Por: Bache3000
La escena tuvo lugar en el kilómetro 3 de Bustillo, ese tramo donde la doble línea amarilla existe más como sugerencia decorativa que como norma de tránsito, al menos para algunos. Una Ferrari venía haciendo de las suyas: adelantando como si la calle fuera de su exclusiva propiedad, pisando el acelerador con la convicción de quien se siente dueño no solo de un auto de varios cientos de miles de dólares, sino aparentemente también de la ciudad entera.
Pero ahí estaba él, el justiciero del asfalto, el paladín de los autos comunes y corrientes, quien con un vehículo infinitamente más accesible para el bolsillo del argentino promedio decidió que ya era suficiente. En un acto de valentía que quedará grabado en la memoria colectiva barilochense, el vecino plantó su auto de frente, obligando al piloto de la Ferrari a hacer lo impensable: bajar la velocidad y esquivar por la banquina, exactamente lo mismo que los conductores locales habían estado haciendo todo el día para dejarles paso a los distinguidos visitantes.
La ironía es deliciosa. Después de horas de ver desfilar autos que cuestan lo mismo que varias viviendas, después de admirar su belleza innegable y escuchar esos motores que suenan como sinfonías mecánicas, el espectáculo terminó opacado por lo de siempre: la falta de controles y la sensación de que algunas personas creen que las reglas están escritas para los demás.
Porque una cosa es organizar un evento automovilístico que genera admiración genuina, que la gente disfrute viendo máquinas extraordinarias y que hasta el más escéptico reconozca el arte que hay detrás de esos diseños. Otra muy distinta es permitir que esos mismos vehículos circulen como si estuvieran en una pista privada, adelantando donde no corresponde, excediendo velocidades máximas y, básicamente, haciendo lo que se les canta.
El vecino que decidió frenarle el carro a la Ferrari no necesitaba un motor V12 ni un escudo de Maranello para hacer valer su punto. Le alcanzó con un poco de coraje, un auto que probablemente comparte más kilómetros con el taller mecánico que con rutas escénicas, y las ganas de decir basta. La Ferrari, claro, siguió acelerando después de esquivarlo por la banquina, porque cuando uno paga esa cantidad de dinero por un auto, aparentemente también compra el derecho a ignorar las reglas básicas de convivencia vial.
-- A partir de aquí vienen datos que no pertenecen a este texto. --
definition generated_by_algA ::
  "'d::euclidean_space set \<Rightarrow> ('v::real_inner \<Rightarrow> 'd \<Rightarrow> real) \<Rightarrow> ('v \<Rightarrow> real) \<Rightarrow> ('v \<Rightarrow> ('v \<Rightarrow>\<^sub>L real))
    \<Rightarrow> real \<Rightarrow> real \<Rightarrow> real \<Rightarrow> (nat \<Rightarrow> real) \<Rightarrow> real \<Rightarrow> real \<Rightarrow> (nat \<Rightarrow> real) \<Rightarrow> (nat \<Rightarrow> 'v) \<Rightarrow> bool" where
  "generated_by_algA \<Omega> E F F' \<alpha> \<beta> p eps \<gamma> Lt L u \<longleftrightarrow>
     decseq eps \<and> (\<forall>k. eps k > 0) \<and> eps \<longlonglongrightarrow> 0 \<and> \<gamma> > 1 \<and> Lt > 0 \<and>
     (\<forall>k. L k \<in> insert 0 (range (\<lambda>l::nat. Lt * \<gamma> ^ l)) \<and>
          (\<forall>v. Qobj \<Omega> E F F' \<alpha> \<beta> p (eps k) (L k) (u k) (u (Suc k))
                \<le> Qobj \<Omega> E F F' \<alpha> \<beta> p (eps k) (L k) (u k) v) \<and>
          descent_cond F F' (L k) (u k) (u (Suc k)) \<and>
          (\<forall>L' \<in> insert 0 (range (\<lambda>l::nat. Lt * \<gamma> ^ l)). L' < L k \<longrightarrow>
             (\<forall>w. (\<forall>v. Qobj \<Omega> E F F' \<alpha> \<beta> p (eps k) L' (u k) w
                       \<le> Qobj \<Omega> E F F' \<alpha> \<beta> p (eps k) L' (u k) v)
                  \<longrightarrow> \<not> descent_cond F F' L' (u k) w)))"

end

theory Submission
  imports Defs
begin

(*
  The smoothing psi_eps is concave on [0, oo): psi_eps(t) is the value at t of the tangent to
  s powr (p/2) at s = max eps^2 t, and all these tangents lie above psi_eps.  Hence its linearization at u_k overestimates it, and together with the descent
  condition (D_{k,L}) the model (Q_{k,L}) plus L/2 |u - u_k|^2 bounds the merit functional
  merit_eps(u) = F u + alpha/2 |u|^2 + beta * int psi_eps(u^2) from above.  Minimality of u_{k+1} for
  the quadratic model, read along the segment to u_k, gives
  Q(u_k) - Q(u_{k+1}) >= (L + alpha)/2 |u_{k+1} - u_k|^2 + beta * int psi_eps'(u_k^2) (u_{k+1} - u_k)^2,
  so the k-th summand is at most merit_{eps_k}(u_k) - merit_{eps_k}(u_{k+1}), which is at most
  merit_{eps_k}(u_k) - merit_{eps_{k+1}}(u_{k+1}) since psi_eps grows with eps.  The series telescopes,
  and the merit is bounded below because F is bounded below by an affine function.
*)

definition powr_tangent :: "real \<Rightarrow> real \<Rightarrow> real \<Rightarrow> real" where
  "powr_tangent q r s = r powr q + q * r powr (q - 1) * (s - r)"

lemma powr_tangent_affine:
  "powr_tangent q r s = powr_tangent q r t + q * r powr (q - 1) * (s - t)"
  unfolding powr_tangent_def by (simp add: algebra_simps)

lemma powr_tangent_self: "powr_tangent q r r = r powr q"
  by (simp add: powr_tangent_def)

lemma powr_eq_mult_powr_minus_1: "0 < (r::real) \<Longrightarrow> r powr q = r * r powr (q - 1)"
  using powr_mult_base[of r "q - 1"] by simp

lemma powr_le_powr_tangent:
  assumes q: "0 < q" "q < 1" and r: "0 < r" and s: "0 \<le> s"
  shows "s powr q \<le> powr_tangent q r s"
proof (cases "s = 0")
  case True
  then show ?thesis
    using q r by (simp add: powr_tangent_def powr_eq_mult_powr_minus_1[of r q] algebra_simps)
next
  case False
  with s have "0 < s" by simp
  then have young: "s powr q * r powr (1 - q) \<le> q * s + (1 - q) * r"
    using Youngs_inequality_0[of q "1 - q" s r] q r by simp
  have "r powr (1 - q) * r powr (q - 1) = 1"
    using r by (simp flip: powr_add)
  then have "s powr q = (s powr q * r powr (1 - q)) * r powr (q - 1)"
    by (simp add: mult.assoc)
  also have "\<dots> \<le> (q * s + (1 - q) * r) * r powr (q - 1)"
    using young by (rule mult_right_mono) simp
  also have "\<dots> = powr_tangent q r s"
    using r by (simp add: powr_tangent_def powr_eq_mult_powr_minus_1[of r q] algebra_simps)
  finally show ?thesis .
qed

lemma powr_tangent_mono:
  assumes q: "0 < q" "q < 1" and s: "0 \<le> s" "s \<le> r1" and r: "0 < r1" "r1 \<le> r2"
  shows "powr_tangent q r1 s \<le> powr_tangent q r2 s"
proof -
  have "r1 powr q \<le> powr_tangent q r2 r1"
    using powr_le_powr_tangent[OF q _ , of r2 r1] r by simp
  moreover have "r2 powr (q - 1) \<le> r1 powr (q - 1)"
    using q r by (intro powr_mono2') auto
  then have "0 \<le> q * (r1 - s) * (r1 powr (q - 1) - r2 powr (q - 1))"
    using q s by (intro mult_nonneg_nonneg) auto
  ultimately show ?thesis
    unfolding powr_tangent_affine[of q r2 s r1] powr_tangent_affine[of q r1 s r1] powr_tangent_self
    by (simp add: algebra_simps)
qed

lemma psi_eq_powr_tangent:
  assumes "0 < \<epsilon>"
  shows "psi p \<epsilon> t = powr_tangent (p / 2) (max (\<epsilon>\<^sup>2) t) t"
proof (cases "t < \<epsilon>\<^sup>2")
  case True
  have "(\<epsilon>\<^sup>2) powr (p / 2) = \<epsilon> powr p"
    using assms by (simp add: powr_powr flip: powr_numeral)
  moreover have "(\<epsilon>\<^sup>2) powr (p / 2 - 1) = 1 / \<epsilon> powr (2 - p)"
    using assms by (simp add: powr_powr powr_minus_divide flip: powr_numeral) (simp add: powr_diff)
  moreover have "p * \<epsilon>\<^sup>2 / (2 * \<epsilon> powr (2 - p)) = p * \<epsilon> powr p / 2"
    using assms by (simp add: powr_diff flip: powr_numeral)
  ultimately show ?thesis
    using True by (simp add: psi_def powr_tangent_def max_def algebra_simps diff_divide_distrib)
next
  case False
  then show ?thesis
    by (simp add: psi_def max_def powr_tangent_self)
qed

lemma dpsi_eq_powr_slope:
  assumes "0 < \<epsilon>"
  shows "dpsi p \<epsilon> t = p / 2 * max (\<epsilon>\<^sup>2) t powr (p / 2 - 1)"
proof -
  have "(\<epsilon>\<^sup>2) powr (p / 2 - 1) = \<epsilon> powr (p - 2)"
    using assms by (simp add: powr_powr flip: powr_numeral)
  then show ?thesis
    by (auto simp: dpsi_def max_def diff_divide_distrib)
qed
Así quedó retratado un día que empezó con todos maravillados y terminó con la misma sensación de siempre: que hay quienes se sienten con más derechos que otros, que los controles brillan por su ausencia y que, de vez en cuando, hace falta que alguien con menos presupuesto pero más dignidad les recuerde a todos que la calle es de todos, no solo de los que pueden permitirse un auto que cuesta como un departamento entero.